Exercise prompt —
Print the first line of the records below and every line after it, up to and including the line with "Testing the vector". Print nothing else.
___ Extracted data ___
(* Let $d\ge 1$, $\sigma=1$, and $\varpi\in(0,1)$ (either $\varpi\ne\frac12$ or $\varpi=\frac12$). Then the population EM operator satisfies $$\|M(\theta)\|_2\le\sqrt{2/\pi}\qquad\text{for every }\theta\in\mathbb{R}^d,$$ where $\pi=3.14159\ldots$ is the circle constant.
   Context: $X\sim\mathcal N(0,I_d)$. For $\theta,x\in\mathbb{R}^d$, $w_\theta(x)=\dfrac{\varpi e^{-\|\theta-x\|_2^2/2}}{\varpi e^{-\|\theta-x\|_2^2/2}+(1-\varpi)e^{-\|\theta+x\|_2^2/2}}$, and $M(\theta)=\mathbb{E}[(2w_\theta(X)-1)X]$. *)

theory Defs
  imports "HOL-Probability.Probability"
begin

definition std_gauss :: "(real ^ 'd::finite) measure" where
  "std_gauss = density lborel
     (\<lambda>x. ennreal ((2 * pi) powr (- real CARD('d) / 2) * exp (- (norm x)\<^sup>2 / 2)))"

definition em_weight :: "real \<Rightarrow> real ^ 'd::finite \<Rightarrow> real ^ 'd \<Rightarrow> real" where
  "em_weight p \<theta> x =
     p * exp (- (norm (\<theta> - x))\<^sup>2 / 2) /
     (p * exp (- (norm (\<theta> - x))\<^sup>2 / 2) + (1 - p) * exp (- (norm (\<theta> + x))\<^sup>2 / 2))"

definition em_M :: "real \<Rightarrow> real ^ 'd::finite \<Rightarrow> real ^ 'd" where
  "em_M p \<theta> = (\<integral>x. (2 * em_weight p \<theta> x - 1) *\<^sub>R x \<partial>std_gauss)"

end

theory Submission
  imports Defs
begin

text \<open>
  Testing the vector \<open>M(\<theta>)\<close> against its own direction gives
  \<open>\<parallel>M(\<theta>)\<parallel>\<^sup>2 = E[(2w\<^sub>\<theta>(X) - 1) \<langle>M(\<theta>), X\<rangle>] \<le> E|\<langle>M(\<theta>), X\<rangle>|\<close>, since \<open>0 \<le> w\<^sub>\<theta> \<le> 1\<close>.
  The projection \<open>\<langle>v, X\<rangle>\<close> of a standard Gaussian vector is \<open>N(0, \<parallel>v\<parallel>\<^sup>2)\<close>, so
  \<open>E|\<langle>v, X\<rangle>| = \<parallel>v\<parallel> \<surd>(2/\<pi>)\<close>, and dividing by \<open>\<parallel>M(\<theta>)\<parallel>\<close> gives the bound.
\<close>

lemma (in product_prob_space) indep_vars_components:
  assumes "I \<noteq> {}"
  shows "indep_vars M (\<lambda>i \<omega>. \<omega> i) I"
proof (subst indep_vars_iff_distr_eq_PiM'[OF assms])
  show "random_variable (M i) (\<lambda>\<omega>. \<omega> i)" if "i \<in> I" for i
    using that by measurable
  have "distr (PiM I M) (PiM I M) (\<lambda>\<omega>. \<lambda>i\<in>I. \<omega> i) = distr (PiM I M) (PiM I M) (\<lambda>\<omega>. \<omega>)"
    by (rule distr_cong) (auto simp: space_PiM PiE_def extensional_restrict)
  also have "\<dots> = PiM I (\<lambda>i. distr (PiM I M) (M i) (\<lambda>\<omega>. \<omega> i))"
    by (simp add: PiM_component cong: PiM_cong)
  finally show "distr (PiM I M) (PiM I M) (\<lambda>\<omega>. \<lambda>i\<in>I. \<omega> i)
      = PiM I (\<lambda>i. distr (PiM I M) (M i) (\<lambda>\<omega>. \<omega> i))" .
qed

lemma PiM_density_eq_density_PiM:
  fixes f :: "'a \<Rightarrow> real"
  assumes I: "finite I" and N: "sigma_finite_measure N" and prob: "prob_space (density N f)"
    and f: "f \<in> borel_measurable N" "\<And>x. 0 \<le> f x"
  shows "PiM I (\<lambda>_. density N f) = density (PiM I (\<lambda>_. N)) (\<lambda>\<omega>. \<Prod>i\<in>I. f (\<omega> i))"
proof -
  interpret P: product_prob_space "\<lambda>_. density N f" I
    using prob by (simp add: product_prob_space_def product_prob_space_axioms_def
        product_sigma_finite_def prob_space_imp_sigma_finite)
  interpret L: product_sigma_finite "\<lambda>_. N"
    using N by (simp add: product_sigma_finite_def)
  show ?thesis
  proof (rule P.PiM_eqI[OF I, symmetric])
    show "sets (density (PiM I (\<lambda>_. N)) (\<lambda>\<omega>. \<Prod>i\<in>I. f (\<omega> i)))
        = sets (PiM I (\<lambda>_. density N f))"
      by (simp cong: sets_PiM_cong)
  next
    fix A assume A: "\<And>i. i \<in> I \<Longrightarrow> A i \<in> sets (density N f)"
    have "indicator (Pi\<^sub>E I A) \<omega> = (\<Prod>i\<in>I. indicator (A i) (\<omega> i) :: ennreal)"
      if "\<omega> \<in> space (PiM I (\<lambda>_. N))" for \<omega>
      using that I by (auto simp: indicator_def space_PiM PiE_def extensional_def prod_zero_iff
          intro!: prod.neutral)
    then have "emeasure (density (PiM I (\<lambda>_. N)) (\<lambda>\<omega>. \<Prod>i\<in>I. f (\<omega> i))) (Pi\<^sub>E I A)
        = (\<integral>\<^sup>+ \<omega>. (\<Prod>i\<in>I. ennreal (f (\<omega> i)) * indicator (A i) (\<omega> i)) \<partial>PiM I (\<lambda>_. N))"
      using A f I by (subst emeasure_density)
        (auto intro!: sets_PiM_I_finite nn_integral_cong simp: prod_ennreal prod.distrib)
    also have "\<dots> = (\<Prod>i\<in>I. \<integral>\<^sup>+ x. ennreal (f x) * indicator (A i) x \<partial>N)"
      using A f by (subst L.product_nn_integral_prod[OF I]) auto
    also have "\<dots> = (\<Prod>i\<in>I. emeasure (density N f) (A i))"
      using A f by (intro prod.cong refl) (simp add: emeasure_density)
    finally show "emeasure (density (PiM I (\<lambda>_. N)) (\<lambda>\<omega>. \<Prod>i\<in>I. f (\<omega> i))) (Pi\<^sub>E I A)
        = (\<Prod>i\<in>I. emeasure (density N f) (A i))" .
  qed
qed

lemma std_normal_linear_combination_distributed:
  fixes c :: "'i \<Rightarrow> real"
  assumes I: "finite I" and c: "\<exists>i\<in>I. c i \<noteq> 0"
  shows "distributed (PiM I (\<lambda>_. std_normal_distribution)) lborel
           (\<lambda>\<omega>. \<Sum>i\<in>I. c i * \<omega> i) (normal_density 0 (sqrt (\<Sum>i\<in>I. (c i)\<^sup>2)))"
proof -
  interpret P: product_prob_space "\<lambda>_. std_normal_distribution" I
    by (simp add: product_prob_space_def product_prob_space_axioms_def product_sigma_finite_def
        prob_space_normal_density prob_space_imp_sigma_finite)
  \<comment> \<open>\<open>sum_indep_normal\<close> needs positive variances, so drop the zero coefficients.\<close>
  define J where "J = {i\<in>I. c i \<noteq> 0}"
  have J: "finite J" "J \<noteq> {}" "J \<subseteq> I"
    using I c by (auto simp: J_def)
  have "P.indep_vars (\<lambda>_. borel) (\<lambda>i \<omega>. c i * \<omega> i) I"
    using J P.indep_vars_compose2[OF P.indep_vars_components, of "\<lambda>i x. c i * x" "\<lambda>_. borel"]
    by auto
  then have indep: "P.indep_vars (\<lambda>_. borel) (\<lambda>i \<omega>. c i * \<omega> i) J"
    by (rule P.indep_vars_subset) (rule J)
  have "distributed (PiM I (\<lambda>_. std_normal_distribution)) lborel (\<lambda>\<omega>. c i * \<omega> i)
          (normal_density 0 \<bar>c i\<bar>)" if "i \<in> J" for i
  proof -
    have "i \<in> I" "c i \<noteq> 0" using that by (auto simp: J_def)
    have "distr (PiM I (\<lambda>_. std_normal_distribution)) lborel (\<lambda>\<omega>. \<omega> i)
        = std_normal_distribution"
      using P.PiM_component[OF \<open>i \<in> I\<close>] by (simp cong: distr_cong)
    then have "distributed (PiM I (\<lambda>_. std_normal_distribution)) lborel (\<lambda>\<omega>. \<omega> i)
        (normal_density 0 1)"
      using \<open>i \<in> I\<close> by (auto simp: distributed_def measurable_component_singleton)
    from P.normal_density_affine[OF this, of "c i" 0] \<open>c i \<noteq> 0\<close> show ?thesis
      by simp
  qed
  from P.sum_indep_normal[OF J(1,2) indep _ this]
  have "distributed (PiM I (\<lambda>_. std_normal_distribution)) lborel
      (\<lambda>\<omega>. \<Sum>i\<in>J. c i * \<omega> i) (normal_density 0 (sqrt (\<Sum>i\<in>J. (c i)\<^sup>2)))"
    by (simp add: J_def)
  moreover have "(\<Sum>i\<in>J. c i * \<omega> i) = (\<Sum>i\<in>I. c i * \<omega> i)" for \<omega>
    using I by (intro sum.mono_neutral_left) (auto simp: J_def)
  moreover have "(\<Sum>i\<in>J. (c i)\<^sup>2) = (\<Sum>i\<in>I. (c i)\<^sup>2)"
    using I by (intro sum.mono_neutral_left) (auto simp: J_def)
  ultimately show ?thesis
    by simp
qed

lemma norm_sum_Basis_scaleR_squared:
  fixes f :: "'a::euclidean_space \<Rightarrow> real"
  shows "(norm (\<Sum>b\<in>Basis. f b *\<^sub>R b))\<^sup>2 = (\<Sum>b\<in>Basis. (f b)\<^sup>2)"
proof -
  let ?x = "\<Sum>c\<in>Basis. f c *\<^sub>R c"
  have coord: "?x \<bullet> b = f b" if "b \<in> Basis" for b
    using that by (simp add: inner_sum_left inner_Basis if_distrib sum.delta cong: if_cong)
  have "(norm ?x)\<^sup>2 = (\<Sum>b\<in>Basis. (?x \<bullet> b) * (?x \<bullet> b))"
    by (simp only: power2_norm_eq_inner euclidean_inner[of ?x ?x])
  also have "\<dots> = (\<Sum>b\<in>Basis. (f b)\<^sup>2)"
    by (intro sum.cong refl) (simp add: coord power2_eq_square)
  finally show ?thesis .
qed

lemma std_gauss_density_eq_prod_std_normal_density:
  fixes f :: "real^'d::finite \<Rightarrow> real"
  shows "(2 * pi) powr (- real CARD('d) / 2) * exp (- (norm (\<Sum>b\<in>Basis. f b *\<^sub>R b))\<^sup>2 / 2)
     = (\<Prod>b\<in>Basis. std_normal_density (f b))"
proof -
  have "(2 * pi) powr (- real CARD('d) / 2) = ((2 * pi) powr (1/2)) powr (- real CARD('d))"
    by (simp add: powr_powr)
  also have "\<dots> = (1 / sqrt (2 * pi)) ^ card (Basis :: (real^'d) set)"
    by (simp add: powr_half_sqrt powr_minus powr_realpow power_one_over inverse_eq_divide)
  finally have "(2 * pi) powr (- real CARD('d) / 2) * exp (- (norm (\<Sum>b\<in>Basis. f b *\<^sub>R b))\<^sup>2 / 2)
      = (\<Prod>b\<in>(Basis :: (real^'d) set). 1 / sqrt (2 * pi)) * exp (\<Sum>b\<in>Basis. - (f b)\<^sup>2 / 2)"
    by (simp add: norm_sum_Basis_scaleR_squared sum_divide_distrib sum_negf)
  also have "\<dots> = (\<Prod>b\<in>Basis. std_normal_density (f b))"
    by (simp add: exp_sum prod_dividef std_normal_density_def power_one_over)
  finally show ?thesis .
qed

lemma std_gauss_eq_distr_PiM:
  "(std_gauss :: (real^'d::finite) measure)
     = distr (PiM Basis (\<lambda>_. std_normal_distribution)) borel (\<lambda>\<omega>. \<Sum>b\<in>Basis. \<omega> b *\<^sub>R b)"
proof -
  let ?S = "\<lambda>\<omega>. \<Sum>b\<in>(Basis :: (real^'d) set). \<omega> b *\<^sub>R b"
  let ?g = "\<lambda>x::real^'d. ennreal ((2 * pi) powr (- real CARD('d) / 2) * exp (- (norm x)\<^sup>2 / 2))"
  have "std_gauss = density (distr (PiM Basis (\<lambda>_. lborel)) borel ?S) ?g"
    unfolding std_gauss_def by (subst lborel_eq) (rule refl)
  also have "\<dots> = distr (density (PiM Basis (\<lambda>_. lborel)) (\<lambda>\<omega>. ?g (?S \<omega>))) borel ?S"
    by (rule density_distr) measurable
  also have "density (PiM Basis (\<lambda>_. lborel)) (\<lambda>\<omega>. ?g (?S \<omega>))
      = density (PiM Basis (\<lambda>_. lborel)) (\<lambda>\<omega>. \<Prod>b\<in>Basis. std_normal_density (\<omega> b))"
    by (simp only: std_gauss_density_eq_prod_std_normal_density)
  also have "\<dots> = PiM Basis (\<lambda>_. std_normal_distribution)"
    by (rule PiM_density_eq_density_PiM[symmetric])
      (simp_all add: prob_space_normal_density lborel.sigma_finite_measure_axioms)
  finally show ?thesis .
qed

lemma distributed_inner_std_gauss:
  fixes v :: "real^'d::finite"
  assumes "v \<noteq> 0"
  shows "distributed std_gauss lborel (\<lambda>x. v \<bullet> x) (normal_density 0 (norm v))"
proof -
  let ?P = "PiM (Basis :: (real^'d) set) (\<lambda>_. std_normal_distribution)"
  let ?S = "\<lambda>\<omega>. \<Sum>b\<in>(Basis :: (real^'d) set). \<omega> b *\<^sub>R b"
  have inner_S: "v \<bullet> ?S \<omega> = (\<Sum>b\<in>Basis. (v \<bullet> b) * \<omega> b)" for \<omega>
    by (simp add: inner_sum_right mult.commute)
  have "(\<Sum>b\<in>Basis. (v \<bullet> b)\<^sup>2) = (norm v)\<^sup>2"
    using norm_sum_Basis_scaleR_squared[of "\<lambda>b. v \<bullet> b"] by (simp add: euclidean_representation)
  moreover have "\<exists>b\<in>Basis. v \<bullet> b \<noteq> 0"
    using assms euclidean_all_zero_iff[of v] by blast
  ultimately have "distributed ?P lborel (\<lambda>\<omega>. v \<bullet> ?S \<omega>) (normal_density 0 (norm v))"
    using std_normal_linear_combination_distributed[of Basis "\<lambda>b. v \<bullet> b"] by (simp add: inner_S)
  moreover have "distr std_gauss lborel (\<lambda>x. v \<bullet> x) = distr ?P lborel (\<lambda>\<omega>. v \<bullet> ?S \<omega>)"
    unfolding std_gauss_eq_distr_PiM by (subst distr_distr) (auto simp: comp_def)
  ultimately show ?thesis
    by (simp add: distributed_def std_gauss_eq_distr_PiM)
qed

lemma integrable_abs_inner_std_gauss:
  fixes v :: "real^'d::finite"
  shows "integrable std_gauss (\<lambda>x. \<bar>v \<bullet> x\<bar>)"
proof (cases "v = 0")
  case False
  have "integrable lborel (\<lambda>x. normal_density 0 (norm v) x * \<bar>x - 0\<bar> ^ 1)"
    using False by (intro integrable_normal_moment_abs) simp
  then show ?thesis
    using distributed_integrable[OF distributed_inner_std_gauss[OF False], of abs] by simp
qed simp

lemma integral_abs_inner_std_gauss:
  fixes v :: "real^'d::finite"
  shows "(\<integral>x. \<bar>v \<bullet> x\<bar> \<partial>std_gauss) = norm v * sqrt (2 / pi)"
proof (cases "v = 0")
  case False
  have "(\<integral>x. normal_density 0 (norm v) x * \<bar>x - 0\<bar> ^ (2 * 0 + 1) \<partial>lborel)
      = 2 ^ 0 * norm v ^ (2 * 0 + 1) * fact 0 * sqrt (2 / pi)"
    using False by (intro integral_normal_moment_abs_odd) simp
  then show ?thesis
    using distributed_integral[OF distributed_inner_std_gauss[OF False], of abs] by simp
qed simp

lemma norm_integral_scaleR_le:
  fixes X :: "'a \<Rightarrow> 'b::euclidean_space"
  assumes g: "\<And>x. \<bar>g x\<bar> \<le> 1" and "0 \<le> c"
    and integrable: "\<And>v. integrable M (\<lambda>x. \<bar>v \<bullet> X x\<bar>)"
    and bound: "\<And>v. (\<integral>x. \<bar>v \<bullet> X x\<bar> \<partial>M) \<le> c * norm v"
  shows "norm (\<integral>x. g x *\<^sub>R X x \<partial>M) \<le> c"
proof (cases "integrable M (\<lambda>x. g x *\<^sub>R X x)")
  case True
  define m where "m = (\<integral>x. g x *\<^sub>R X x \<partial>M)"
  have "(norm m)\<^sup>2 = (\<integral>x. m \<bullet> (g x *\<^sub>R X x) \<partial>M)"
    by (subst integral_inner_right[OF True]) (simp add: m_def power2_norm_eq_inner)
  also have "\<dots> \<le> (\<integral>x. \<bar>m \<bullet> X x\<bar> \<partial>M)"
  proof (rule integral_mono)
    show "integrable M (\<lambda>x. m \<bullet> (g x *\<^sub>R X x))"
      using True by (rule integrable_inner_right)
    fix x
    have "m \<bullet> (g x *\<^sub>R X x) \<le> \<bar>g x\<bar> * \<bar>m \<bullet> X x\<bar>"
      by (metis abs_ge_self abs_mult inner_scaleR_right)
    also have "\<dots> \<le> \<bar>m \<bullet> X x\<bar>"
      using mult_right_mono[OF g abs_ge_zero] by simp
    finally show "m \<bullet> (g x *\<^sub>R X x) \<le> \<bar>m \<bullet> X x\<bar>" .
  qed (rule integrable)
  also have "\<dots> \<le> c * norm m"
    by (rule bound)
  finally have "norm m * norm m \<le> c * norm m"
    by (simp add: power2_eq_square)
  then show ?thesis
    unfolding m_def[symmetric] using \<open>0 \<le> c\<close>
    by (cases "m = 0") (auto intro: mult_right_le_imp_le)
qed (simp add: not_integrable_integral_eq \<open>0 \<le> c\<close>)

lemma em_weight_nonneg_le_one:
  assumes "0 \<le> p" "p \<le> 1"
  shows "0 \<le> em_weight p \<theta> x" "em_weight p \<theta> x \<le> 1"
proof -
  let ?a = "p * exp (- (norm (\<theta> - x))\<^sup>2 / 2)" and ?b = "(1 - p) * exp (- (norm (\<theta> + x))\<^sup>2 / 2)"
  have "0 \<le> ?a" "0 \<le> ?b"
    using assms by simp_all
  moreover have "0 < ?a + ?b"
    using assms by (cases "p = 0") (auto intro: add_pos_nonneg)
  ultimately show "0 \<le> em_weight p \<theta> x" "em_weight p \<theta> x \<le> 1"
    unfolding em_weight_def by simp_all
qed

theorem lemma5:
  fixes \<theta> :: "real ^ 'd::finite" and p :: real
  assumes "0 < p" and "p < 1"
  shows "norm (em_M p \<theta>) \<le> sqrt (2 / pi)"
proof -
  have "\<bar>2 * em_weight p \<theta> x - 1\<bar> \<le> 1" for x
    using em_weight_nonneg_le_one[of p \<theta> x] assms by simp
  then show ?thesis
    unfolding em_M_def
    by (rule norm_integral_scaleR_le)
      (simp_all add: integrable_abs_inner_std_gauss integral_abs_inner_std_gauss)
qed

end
___
Solution below —
(* Let $d\ge 1$, $\sigma=1$, and $\varpi\in(0,1)$ (either $\varpi\ne\frac12$ or $\varpi=\frac12$). Then the population EM operator satisfies $$\|M(\theta)\|_2\le\sqrt{2/\pi}\qquad\text{for every }\theta\in\mathbb{R}^d,$$ where $\pi=3.14159\ldots$ is the circle constant.
   Context: $X\sim\mathcal N(0,I_d)$. For $\theta,x\in\mathbb{R}^d$, $w_\theta(x)=\dfrac{\varpi e^{-\|\theta-x\|_2^2/2}}{\varpi e^{-\|\theta-x\|_2^2/2}+(1-\varpi)e^{-\|\theta+x\|_2^2/2}}$, and $M(\theta)=\mathbb{E}[(2w_\theta(X)-1)X]$. *)

theory Defs
  imports "HOL-Probability.Probability"
begin

definition std_gauss :: "(real ^ 'd::finite) measure" where
  "std_gauss = density lborel
     (\<lambda>x. ennreal ((2 * pi) powr (- real CARD('d) / 2) * exp (- (norm x)\<^sup>2 / 2)))"

definition em_weight :: "real \<Rightarrow> real ^ 'd::finite \<Rightarrow> real ^ 'd \<Rightarrow> real" where
  "em_weight p \<theta> x =
     p * exp (- (norm (\<theta> - x))\<^sup>2 / 2) /
     (p * exp (- (norm (\<theta> - x))\<^sup>2 / 2) + (1 - p) * exp (- (norm (\<theta> + x))\<^sup>2 / 2))"

definition em_M :: "real \<Rightarrow> real ^ 'd::finite \<Rightarrow> real ^ 'd" where
  "em_M p \<theta> = (\<integral>x. (2 * em_weight p \<theta> x - 1) *\<^sub>R x \<partial>std_gauss)"

end

theory Submission
  imports Defs
begin

text \<open>
  Testing the vector \<open>M(\<theta>)\<close> against its own direction gives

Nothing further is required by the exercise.